Slack is a chat app that lets robots speak to humans

April 29, 2014
April 29, 2014

After making and shutting down Glitch, a critically admired but commercially unsuccessful game, Flickr co-founder Stewart Butterfield’s Tiny Speck is making the most of its second act. The company announced Friday that it had raised $42.5 million to grow its popular communications application, Slack. The funding was lead by the Social + Capital Partnership, making its biggest ever investment.

The service, based on hacks that the company’s game developers used to improve their productivity when using online chat to communicate, publicly launched just 10 weeks ago. What distinguishes Slack—and has earned it good reviews in the tech industry—is its ability to integrate chat with automated alerts and information delivered by “bots.” (Data and alerts from external services pop up in chat streams, and users can also easily program the software robots to reply when a user types a specific keyword.)

The service is intuitive, highly functional, and even has a sense of humor. (The internal error page admits to a sense of “self loathing” for asking you to refresh your browser.) We spoke to Butterfield in March, and he outlined then why he thinks Slack works so well, particularly for the technical community and developers, which have been the biggest early adopters. That includes teams at big firms such as Adobe, as well as startups like Rdio and Medium. Overall, there are 60,000 daily users.

Slack creates searchable chat streams for entire teams, small groups, and individuals in one window, and integrates a wide variety of other services. It also syncs across desktop and mobile devices. Competitors include HipChat, Yammer, and Campfire, as well as newer companies like Convo. Slack is currently free (and plans to remain so), though to archive and search more than 10,000 messages requires a premium subscription.

Most office workers, especially those in the knowledge industry, feel overwhelmed by the sheer number of communication services we use, including email, instant messaging, social media, and project management software. And as soon as we stand up from our desks, that tangle of communications transfers to our mobile devices. But the modern technology worker has it even worse—many of those communications aren’t even from humans, and those often require quick response.

“You get live alerts from application performance-monitoring software, crash reports from mobile apps, alerts from continuous integration testing tools, all that kind of stuff—on top of feedback coming in in real time via Twitter and customer-feedback forms, along with competitor information,” Butterfield says. “There’s just a huge volume of data.”

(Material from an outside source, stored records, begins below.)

lemma subset_Ainf_Un_funpow_preim_exits:
  assumes "U \<subseteq> A"
  shows "U \<subseteq> Ainf A T \<union> (\<Union>r. (preim A T ^^ r) (U - preim A T U))"
proof
  fix x assume x: "x \<in> U"
  show "x \<in> Ainf A T \<union> (\<Union>r. (preim A T ^^ r) (U - preim A T U))"
  proof (cases "x \<in> (\<Union>r. (preim A T ^^ r) (U - preim A T U))")
    case False
    have "\<forall>m\<le>i. (T ^^ m) x \<in> U" for i
    proof (induction i)
      case 0
      show ?case using x by simp
    next
      case (Suc i)
      have "(T ^^ Suc i) x \<in> U"
      proof (rule ccontr)
        assume "(T ^^ Suc i) x \<notin> U"
        then have "(T ^^ i) x \<in> U - preim A T U"
          using Suc.IH by (auto simp: preim_def)
        moreover have "\<forall>m<i. (T ^^ m) x \<in> A"
          using Suc.IH assms by force
        ultimately have "x \<in> (preim A T ^^ i) (U - preim A T U)"
          by (simp add: mem_funpow_preim_iff)
        with False show False by blast
      qed
      then show ?case using Suc.IH by (auto simp: le_Suc_eq)
    qed
    then have "x \<in> Ainf A T" using assms by (force simp: Ainf_def An_def)
    then show ?thesis by blast
  qed blast
qed

lemma Collect_in_sets_if_constant:
  assumes "S \<in> sets M" "\<And>x y. x \<in> S \<Longrightarrow> y \<in> S \<Longrightarrow> P x \<longleftrightarrow> P y"
  shows "{x \<in> S. P x} \<in> sets M"
proof (cases "\<exists>x\<in>S. P x")
  case True
  then have "{x \<in> S. P x} = S" using assms(2) by blast
  then show ?thesis using assms(1) by simp
next
  case False
  then have "{x \<in> S. P x} = {}" by blast
  then show ?thesis by (metis sets.empty_sets)
qed

locale nonsingular_open =
  fixes M :: "'a measure" and A :: "'a set" and T :: "'a \<Rightarrow> 'a"
  assumes system: "nonsingular_open_system M A T"
begin

lemma sets_A: "A \<in> sets M"
  and measurable_T: "T \<in> restrict_space M A \<rightarrow>\<^sub>M M"
  and emeasure_pos_if_preim_pos: "E \<in> sets M \<Longrightarrow> emeasure M (preim A T E) > 0 \<Longrightarrow> emeasure M E > 0"
  using system unfolding nonsingular_open_system_def by auto

lemma sets_preim:
  assumes "E \<in> sets M"
  shows "preim A T E \<in> sets M"
proof -
  have "T -` E \<inter> space (restrict_space M A) \<in> sets (restrict_space M A)"
    using measurable_T assms by (rule measurable_sets)
  moreover have "T -` E \<inter> space (restrict_space M A) = preim A T E"
    using sets_A by (auto simp: preim_def)
  ultimately show ?thesis
    using sets_A by (simp add: sets_restrict_space_iff)
qed

lemma null_sets_preim:
  assumes "E \<in> null_sets M"
  shows "preim A T E \<in> null_sets M"
proof -
  have "preim A T E \<in> sets M" using assms by (auto intro: sets_preim)
  moreover have "emeasure M (preim A T E) = 0"
    using emeasure_pos_if_preim_pos[of E] assms by (auto simp: zero_less_iff_neq_zero)
  ultimately show ?thesis by (intro null_setsI)
qed

lemma sets_funpow_preim: "E \<in> sets M \<Longrightarrow> (preim A T ^^ r) E \<in> sets M"
  by (induction r) (auto intro: sets_preim)

lemma null_sets_funpow_preim: "E \<in> null_sets M \<Longrightarrow> (preim A T ^^ r) E \<in> null_sets M"
  by (induction r) (auto intro: null_sets_preim)

lemma sets_Ainf: "Ainf A T \<in> sets M"
  unfolding Ainf_def An_eq_funpow_preim using sets_A sets_funpow_preim by blast

text \<open>Up to the null set \<open>A\<^sub>\<infinity>\<close>, every point of \<open>U\<close> leaves \<open>U\<close> at some time \<open>r\<close>, i.e. lies in
  the \<open>r\<close>-th preimage of the null set of exit points.\<close>
lemma null_if_AE_invariant:
  assumes Ainf: "emeasure M (Ainf A T) = 0"
    and U: "U \<in> sets M" "U \<subseteq> A"
    and invariant: "AE x in M. x \<in> U \<longrightarrow> T x \<in> U"
  shows "U \<in> null_sets M"
proof -
  define exits where "exits = U - preim A T U"
  have exits: "exits \<in> sets M" using U sets_preim by (auto simp: exits_def)
  moreover have "{x \<in> space M. \<not> (x \<in> U \<longrightarrow> T x \<in> U)} = exits"
    using U sets.sets_into_space by (auto simp: exits_def preim_def)
  ultimately have "emeasure M exits = 0"
    using invariant by (simp add: AE_iff_measurable)
  then have "(preim A T ^^ r) exits \<in> null_sets M" for r
    using exits by (intro null_sets_funpow_preim null_setsI)
  moreover have "Ainf A T \<in> null_sets M" using Ainf sets_Ainf by (rule null_setsI)
  ultimately have "Ainf A T \<union> (\<Union>r. (preim A T ^^ r) exits) \<in> null_sets M"
    by (intro null_sets.Un null_sets_UN)
  moreover have "U \<subseteq> Ainf A T \<union> (\<Union>r. (preim A T ^^ r) exits)"
    using U(2) unfolding exits_def by (rule subset_Ainf_Un_funpow_preim_exits)
  ultimately show ?thesis using U(1) null_sets_subset by blast
qed

end

locale partitioned_open_system = nonsingular_open M A T
  for M :: "'a measure" and A :: "'a set" and T :: "'a \<Rightarrow> 'a" +
  fixes B :: "nat \<Rightarrow> 'a set" and n :: nat and \<alpha> :: real
  assumes Ainf_null: "emeasure M (Ainf A T) = 0"
    and alpha_pos: "0 < \<alpha>" and alpha_less_1: "\<alpha> < 1"
    and sets_B: "k \<in> {1..n} \<Longrightarrow> B k \<in> sets M"
    and disjoint_B: "k \<in> {1..n} \<Longrightarrow> j \<in> {1..n} \<Longrightarrow> k \<noteq> j \<Longrightarrow> B k \<inter> B j = {}"
    and Union_B: "(\<Union>k\<in>{1..n}. B k) = A"
begin

abbreviation "C \<equiv> Cmat M A T B"
abbreviation "R \<equiv> cycle_reachable C n"

lemma B_subset_A: "k \<in> {1..n} \<Longrightarrow> B k \<subseteq> A"
  using Union_B by blast

lemma cellE:
  assumes "x \<in> A"
  obtains k where "k \<in> {1..n}" "x \<in> B k"
  using assms Union_B by blast

lemma cell_unique: "k \<in> {1..n} \<Longrightarrow> j \<in> {1..n} \<Longrightarrow> x \<in> B k \<Longrightarrow> x \<in> B j \<Longrightarrow> k = j"
  using disjoint_B by blast

definition step_fun :: "(nat \<Rightarrow> real) \<Rightarrow> 'a \<Rightarrow> real" where
  "step_fun lam y = (\<Sum>j\<in>{1..n}. lam j * indicator (B j) y)"

lemma step_fun_cell:
  assumes "k \<in> {1..n}" "y \<in> B k"
  shows "step_fun lam y = lam k"
proof -
  have "(\<Sum>j\<in>{1..n}. lam j * indicator (B j) y) = (\<Sum>j\<in>{1..n}. if j = k then lam j else 0)"
    using assms cell_unique by (intro sum.cong) (auto simp: indicator_def)
  then show ?thesis using assms(1) by (simp add: step_fun_def)
qed

lemma step_fun_outside:
  assumes "y \<notin> A"
  shows "step_fun lam y = 0"
proof -
  have "y \<notin> B j" if "j \<in> {1..n}" for j
    using assms B_subset_A[OF that] by blast
  then show ?thesis by (simp add: step_fun_def)
qed

lemma Mstar_eq_step_fun:
  assumes "x \<in> A" "lam 0 = 0"
  shows "Mstar A T B n \<alpha> lam x = step_fun lam (T x) - \<alpha> * step_fun lam x"
proof -
  have summand: "lam j * (indicator (An A T 1) x * indicator (B j) (T x) - \<alpha> * indicator (B j) x)
      = lam j * indicator (B j) (T x) - \<alpha> * (lam j * indicator (B j) x)"
    if "j \<in> {1..n}" for j
    using assms(1) B_subset_A[OF that] by (auto simp: An_def indicator_def le_Suc_eq algebra_simps)
  have "Mstar A T B n \<alpha> lam x =
      (\<Sum>j\<in>{1..n}. lam j * indicator (B j) (T x) - \<alpha> * (lam j * indicator (B j) x))"
    unfolding Mstar_def assms(2) mult_zero_left add_0 by (rule sum.cong[OF refl summand])
  then show ?thesis by (simp only: step_fun_def sum_subtractf sum_distrib_left)
qed

lemma Mstar_transition:
  assumes "lam 0 = 0" "k \<in> {1..n}" "j \<in> {1..n}" "x \<in> B k" "T x \<in> B j"
  shows "Mstar A T B n \<alpha> lam x = lam j - \<alpha> * lam k"
  using assms B_subset_A by (subst Mstar_eq_step_fun) (auto simp: step_fun_cell)

lemma Mstar_escape:
  assumes "lam 0 = 0" "k \<in> {1..n}" "x \<in> B k" "T x \<notin> A"
  shows "Mstar A T B n \<alpha> lam x = - \<alpha> * lam k"
  using assms B_subset_A by (subst Mstar_eq_step_fun) (auto simp: step_fun_cell step_fun_outside)

definition admissible :: "(nat \<Rightarrow> real) \<Rightarrow> bool" where
  "admissible lam \<longleftrightarrow> lam 0 = 0 \<and> (AE x in M. x \<in> A \<longrightarrow> Mstar A T B n \<alpha> lam x \<le> 0)"

lemma mem_reduced_domain_iff:
  "x \<in> reduced_domain M A T B n \<alpha> \<longleftrightarrow>
     x \<in> A \<and> (\<forall>lam. admissible lam \<longrightarrow> Mstar A T B n \<alpha> lam x = 0)"
  unfolding reduced_domain_def admissible_def by blast

lemma sets_transition: "k \<in> {1..n} \<Longrightarrow> j \<in> {1..n} \<Longrightarrow> B k \<inter> preim A T (B j) \<in> sets M"
  using sets_B sets_preim by blast

lemma admissible_edge:
  assumes adm: "admissible lam" and k: "k \<in> {1..n}" and j: "j \<in> {1..n}" and edge: "C k j > 0"
  shows "lam j \<le> \<alpha> * lam k"
proof (rule ccontr)
  assume "\<not> lam j \<le> \<alpha> * lam k"
  then have "AE x in M. x \<notin> B k \<inter> preim A T (B j)"
    using adm unfolding admissible_def
    by (auto elim!: eventually_mono simp: preim_def Mstar_transition[OF _ k j])
  then have "B k \<inter> preim A T (B j) \<in> null_sets M"
    using sets_transition[OF k j] by (simp add: AE_iff_null_sets)
  then show False using edge by (auto dest: null_setsD1 simp: Cmat_def)
qed

lemma step_fun_neg_iff:
  "step_fun lam y < 0 \<longleftrightarrow> y \<in> (\<Union>i\<in>{i \<in> {1..n}. lam i < 0}. B i)"
proof (cases "y \<in> A")
  case True
  then obtain k where "k \<in> {1..n}" "y \<in> B k" by (rule cellE)
  then show ?thesis using cell_unique by (auto simp: step_fun_cell)
next
  case False
  then show ?thesis using B_subset_A by (auto simp: step_fun_outside)
qed

lemma admissible_nonneg:
  assumes adm: "admissible lam" and k: "k \<in> {1..n}" and pos: "emeasure M (B k) > 0"
  shows "lam k \<ge> 0"
proof (rule ccontr)
  assume "\<not> lam k \<ge> 0"
  define U where "U = (\<Union>i\<in>{i \<in> {1..n}. lam i < 0}. B i)"
  have U: "U \<in> sets M" "U \<subseteq> A" using sets_B B_subset_A by (auto simp: U_def)
  have "AE x in M. x \<in> U \<longrightarrow> T x \<in> U"
    using adm unfolding admissible_def
  proof (elim conjE eventually_mono, intro impI)
    fix x assume "lam 0 = 0" "x \<in> A \<longrightarrow> Mstar A T B n \<alpha> lam x \<le> 0" "x \<in> U"
    then have "step_fun lam (T x) \<le> \<alpha> * step_fun lam x" "step_fun lam x < 0"
      using U(2) step_fun_neg_iff[of lam x] by (auto simp: U_def Mstar_eq_step_fun)
    moreover have "\<alpha> * step_fun lam x < 0"
      using alpha_pos \<open>step_fun lam x < 0\<close> by (rule mult_pos_neg)
    ultimately have "step_fun lam (T x) < 0" by linarith
    then show "T x \<in> U" by (simp add: step_fun_neg_iff U_def)
  qed
  then have "U \<in> null_sets M" using Ainf_null U by (intro null_if_AE_invariant)
  moreover have "B k \<subseteq> U" using k \<open>\<not> lam k \<ge> 0\<close> by (auto simp: U_def)
  ultimately have "B k \<in> null_sets M" using sets_B[OF k] by (blast intro: null_sets_subset)
  then show False using pos by (auto dest: null_setsD1)
qed

lemma emeasure_B_pos_if_matpow_pos:
  assumes k: "k \<in> {1..n}" and path: "matpow C n (Suc N) i k > 0"
  shows "emeasure M (B k) > 0"
proof -
  obtain l where "C l k > 0" using path matpow_Suc_pos_iff by blast
  moreover have "C l k \<le> emeasure M (preim A T (B k))"
    unfolding Cmat_def using sets_B[OF k] by (auto intro!: emeasure_mono sets_preim)
  ultimately show ?thesis using emeasure_pos_if_preim_pos sets_B[OF k] by auto
qed

lemma admissible_path:
  assumes adm: "admissible lam"
  shows "k \<in> {1..n} \<Longrightarrow> matpow C n N i k > 0 \<Longrightarrow> lam k \<le> \<alpha> ^ N * lam i"
proof (induction N arbitrary: k)
  case 0
  then show ?case by (simp split: if_splits)
next
  case (Suc N)
  then obtain l where l: "l \<in> {1..n}" "matpow C n N i l > 0" "C l k > 0"
    using matpow_Suc_pos_iff by blast
  have "lam k \<le> \<alpha> * lam l" using admissible_edge[OF adm l(1) Suc.prems(1) l(3)] .
  also have "\<dots> \<le> \<alpha> * (\<alpha> ^ N * lam i)" using Suc.IH[OF l(1,2)] alpha_pos by simp
  finally show ?case by (simp add: mult.assoc)
qed

lemma admissible_leadsto:
  assumes adm: "admissible lam" and k: "k \<in> {1..n}" and "leadsto C n i k"
  obtains N where "N > 0" "0 \<le> lam k" "lam k \<le> \<alpha> ^ N * lam i"
proof -
  obtain N where "N > 0" "matpow C n N i k > 0"
    using assms(3) unfolding leadsto_def by blast
  moreover from \<open>N > 0\<close> obtain N' where "N = Suc N'" using gr0_implies_Suc by blast
  ultimately show ?thesis
    using that admissible_nonneg[OF adm k] emeasure_B_pos_if_matpow_pos[OF k]
      admissible_path[OF adm k] by blast
qed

In Slack, one of these automated alerts—a customer support ticket from ZenDesk, for example, or a request for help via Twitter—could show up in team’s group chat. That way, it’s right there for people to discuss and respond to quickly where they’re already working and talking.

By way of example, Butterfield said that there are about 2,000 messages a day written by humans in Slack at his company. Another 6,000 more are generated automatically by machines. With such a high volume of information, having it all in one place, ordered, highly searchable, and with human chat layered on top helps make a fragmented and overwhelming amount of communication easier to deal with.

And it’s not just for tech companies. The platform is also popular in newsrooms for many of the reasons developers like it—for helping organize long lists of links, interesting tweets, headlines, and the updates that are part of digital journalism. (Quartz’s staff uses it.)

Slack is certainly having its moment, and many will initially jump on the service because they’ve heard about a friend or competitor using it. What remains to be seen is whether this application will become a permanent part of offices’ communications infrastructure, instead of a brief experiment.

And while Slack seems to be gaining ground in the small companies or teams within companies that are using it, it remains to be seen whether the system can scale up for a company with hundreds or thousands of employees. To do that, it will probably need to develop new capabilities to communicate across teams, as well as enhanced security.